Adopting generative AI in end-to-end testing improves test coverage and reduces time spent on testing. At last, automating all those manual test cases seems within reach, right?
We have to talk about the stability and reliability of AI in this context, too. The concerns are real and I’d like to address a few here.
AI testing tools use AI differently to write, execute and maintain automated tests. The LLMs under the hood are not deployed in the same place in the same way by every testing technology. The AI can be deployed as:
The good news is that all of the concerns can be mitigated by adopting the right architecture in the right place of testing cycle.
AI is most valuable during the creation and maintenance phase of test cases. Let’s take a scripting example. You could begin with a prompt describing your desired test case and allow the AI to generate an initial version.
If you’re lucky, the AI may produce a valid and ready-to-use test case right away. How convenient!
If the AI struggles to interpret your application, you - the domain expert - can step in and guide it, ensuring that the resulting test case is accurate and robust. It’s a good practice to keep AI fallibility on top of your mind when you’re accessing its output. It’s an even better practice for tool developers to build the reminder into the process.

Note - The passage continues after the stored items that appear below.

lemma middle_shape_bounds:
  assumes "al \<in> middle_shapes"
  shows "al 0 = 0" "\<forall>r. al r \<le> la_n r" "\<forall>r. al r \<le> nu_n r"
    "psize la \<le> psize (tail_part al) + s" "psize nu \<le> psize (tail_part al) + s" "la 1 + nu 1 \<le> al 1"
proof -
  have part: "is_partition al" and size: "psize al = n - s"
    and sub: "\<forall>r. al r \<le> la_n r \<and> al r \<le> nu_n r"
    using assms by (auto simp: psubseteq_def pinter_def)
  show al0: "al 0 = 0" using part by (simp add: is_partition_def)
  show "\<forall>r. al r \<le> la_n r" "\<forall>r. al r \<le> nu_n r" using sub by auto
  have "psize al = al 1 + psize (tail_part al)"
    by (rule psize_tail_part[OF al0 finite_support[OF part]])
  moreover have "al 1 \<le> n - psize la" "al 1 \<le> n - psize nu"
    using sub[rule_format, of 1] by (simp_all add: shift_part_def)
  moreover have "\<forall>r. tail_part al r \<le> la r"
  proof
    fix r
    show "tail_part al r \<le> la r"
      using sub[rule_format, of "Suc r"] by (auto simp: tail_part_def shift_part_def)
  qed
  then have "psize (tail_part al) \<le> psize la"
    using finite_support[OF is_partition_la] by (rule psize_mono)
  ultimately show "psize la \<le> psize (tail_part al) + s" "psize nu \<le> psize (tail_part al) + s"
    "la 1 + nu 1 \<le> al 1"
    using size n_large by linarith+
qed

lemma Std_to_nu_n_steps:
  assumes "al \<in> middle_shapes" "p \<in> Std s al nu_n"
  shows "\<forall>st\<in>set p. fst st = 0 \<and> snd st \<noteq> 0"
proof -
  have len: "length p = s" and walk: "valid_walk al p nu_n" using assms(2)
    by (simp_all add: Std_def)
  have "psize nu_n + add_count p 0 = psize al + rem_count p 0"
    using assms(1) valid_walk_psize walk by blast
  then have "rem_count p 0 = length p" "add_count p 0 = 0"
    using assms(1) psize_nu_n rem_count_le_length[of p 0] len n_large by auto
  then show ?thesis by (simp add: rem_count_eq_length_iff add_count_eq_0_iff)
qed

lemma Std_from_la_n_steps:
  assumes "al \<in> middle_shapes" "q \<in> Std s la_n al"
  shows "\<forall>st\<in>set q. fst st \<noteq> 0 \<and> snd st = 0"
proof -
  have len: "length q = s" and walk: "valid_walk la_n q al" using assms(2)
    by (simp_all add: Std_def)
  have "psize al + add_count q 0 = psize la_n + rem_count q 0"
    using is_partition_la_n valid_walk_psize walk by blast
  then have "add_count q 0 = length q" "rem_count q 0 = 0"
    using assms(1) psize_la_n add_count_le_length[of q 0] len n_large by auto
  then show ?thesis by (simp add: add_count_eq_length_iff rem_count_eq_0_iff)
qed

lemma middle_shape_rows:
  assumes "al \<in> middle_shapes" "p \<in> Std s al nu_n" "q \<in> Std s la_n al"
  shows "\<forall>r\<ge>1. la_n r = al r + rem_count q r \<and> nu_n r = al r + add_count p r \<and>
    rem_count p r = 0 \<and> add_count q r = 0"
proof (intro allI impI)
  fix r :: nat assume "r \<ge> 1"
  then have "rem_count p r = 0" "add_count q r = 0"
    using Std_to_nu_n_steps[OF assms(1,2)] Std_from_la_n_steps[OF assms(1,3)]
    by (auto simp: rem_count_eq_0_iff add_count_eq_0_iff)
  moreover have "valid_walk al p nu_n" "valid_walk la_n q al" using assms(2,3)
    by (simp_all add: Std_def)
  ultimately show "la_n r = al r + rem_count q r \<and> nu_n r = al r + add_count p r \<and>
    rem_count p r = 0 \<and> add_count q r = 0"
    using valid_walk_row_balance \<open>r \<ge> 1\<close> by (metis add_0_right not_one_le_zero)
qed

lemma middle_merge_walk:
  assumes "al \<in> middle_shapes" "p \<in> Std s al nu_n" "q \<in> Std s la_n al"
  shows "valid_walk la_n (merge_steps p q) nu_n"
proof (cases "s = 1")
  case True
  then obtain a b where "p = [a]" "q = [b]"
    using assms(2,3) by (auto simp: Std_def length_Suc_conv)
  moreover obtain i j where "a = (0, j)" "b = (i, 0)"
    using Std_to_nu_n_steps[OF assms(1,2)] Std_from_la_n_steps[OF assms(1,3)] calculation
    by (metis list.set_intros(1) prod.collapse)
  ultimately show ?thesis
    using valid_walk_merge_single[of al j nu_n la_n i] assms(2,3) is_partition_nu_n
    by (simp add: Std_def merge_steps_def)
next
  case False
  note bounds = middle_shape_bounds[OF assms(1)]
  show ?thesis
    using walks_through_shape(3)[OF shifted_box_condition[OF False bounds(2-6)] bounds(1)
      middle_shape_rows[OF assms]] assms(2,3)
    by (simp add: Std_def)
qed

lemma phi_in_StdPlus:
  assumes "al \<in> middle_shapes" "p \<in> Std s al nu_n" "q \<in> Std s la_n al"
  shows "phi p q \<in> StdPlus s la nu"
proof -
  have len: "length p = s" "length q = s" using assms(2,3) by (simp_all add: Std_def)
  have steps: "\<forall>st\<in>set (merge_steps p q). fst st \<noteq> 0 \<and> snd st \<noteq> 0"
    using Std_to_nu_n_steps[OF assms(1,2)] Std_from_la_n_steps[OF assms(1,3)]
    by (fastforce dest: set_merge_steps)
  have "valid_walk la (phi p q) nu"
    using valid_walk_tail_part[OF middle_merge_walk[OF assms] steps] is_partition_la is_partition_nu
    by (simp add: phi_eq_map_merge_steps tail_part_shift_part is_partition_def)
  moreover have "rem_count (phi p q) i \<le> la i" if "i \<ge> 1" for i
  proof -
    have "rem_count (phi p q) i = rem_count (merge_steps p q) (Suc i)"
      unfolding phi_eq_map_merge_steps by (rule rem_count_map_lower) (use steps in blast)
    also have "\<dots> = rem_count q (Suc i)" using len by (simp add: rem_count_merge_steps)
    also have "\<dots> \<le> la_n (Suc i)" using middle_shape_rows[OF assms] by simp
    finally show ?thesis using that by (simp add: shift_part_rows)
  qed
  ultimately show ?thesis
    using len is_partition_la by (simp add: StdPlus_def Std_def phi_def rem_count_def)
qed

Ideally, AI should not be used during runtime. It’s slow. It’s brittle. It’s costly. A test case represents an expectation of how a system should work in a particular area. The agentic AI must try to fulfill this expectation. No workarounds. Only if the expectation is formulated precisely enough (code / steps) it can be validated against.
I suggest relying on established automation frameworks such as Playwright, Cypress, or Selenium for test execution. By using standard automation framework code, your test cases can remain deterministic, allowing you to execute them fast and reliably. Some providers even offer execution platforms to scale your standard framework test suites efficiently.
The case for using AI in test auto-healing is quite strong. When given boundaries and the ‘good example’ of the original test case, the AI worst instincts can be mitigated. The idea is that AI generation works best when the problem space is limited.
A robust solution to auto-maintenance would address a huge pain point in end-to-end testing. Maintenance is more time consuming (and frustrating) than scripting and running tests combined. There are many tools building auto-maintenance features using AI right now. If good enough, they could considerably simplify the process of keeping your tests up-to-date and relevant.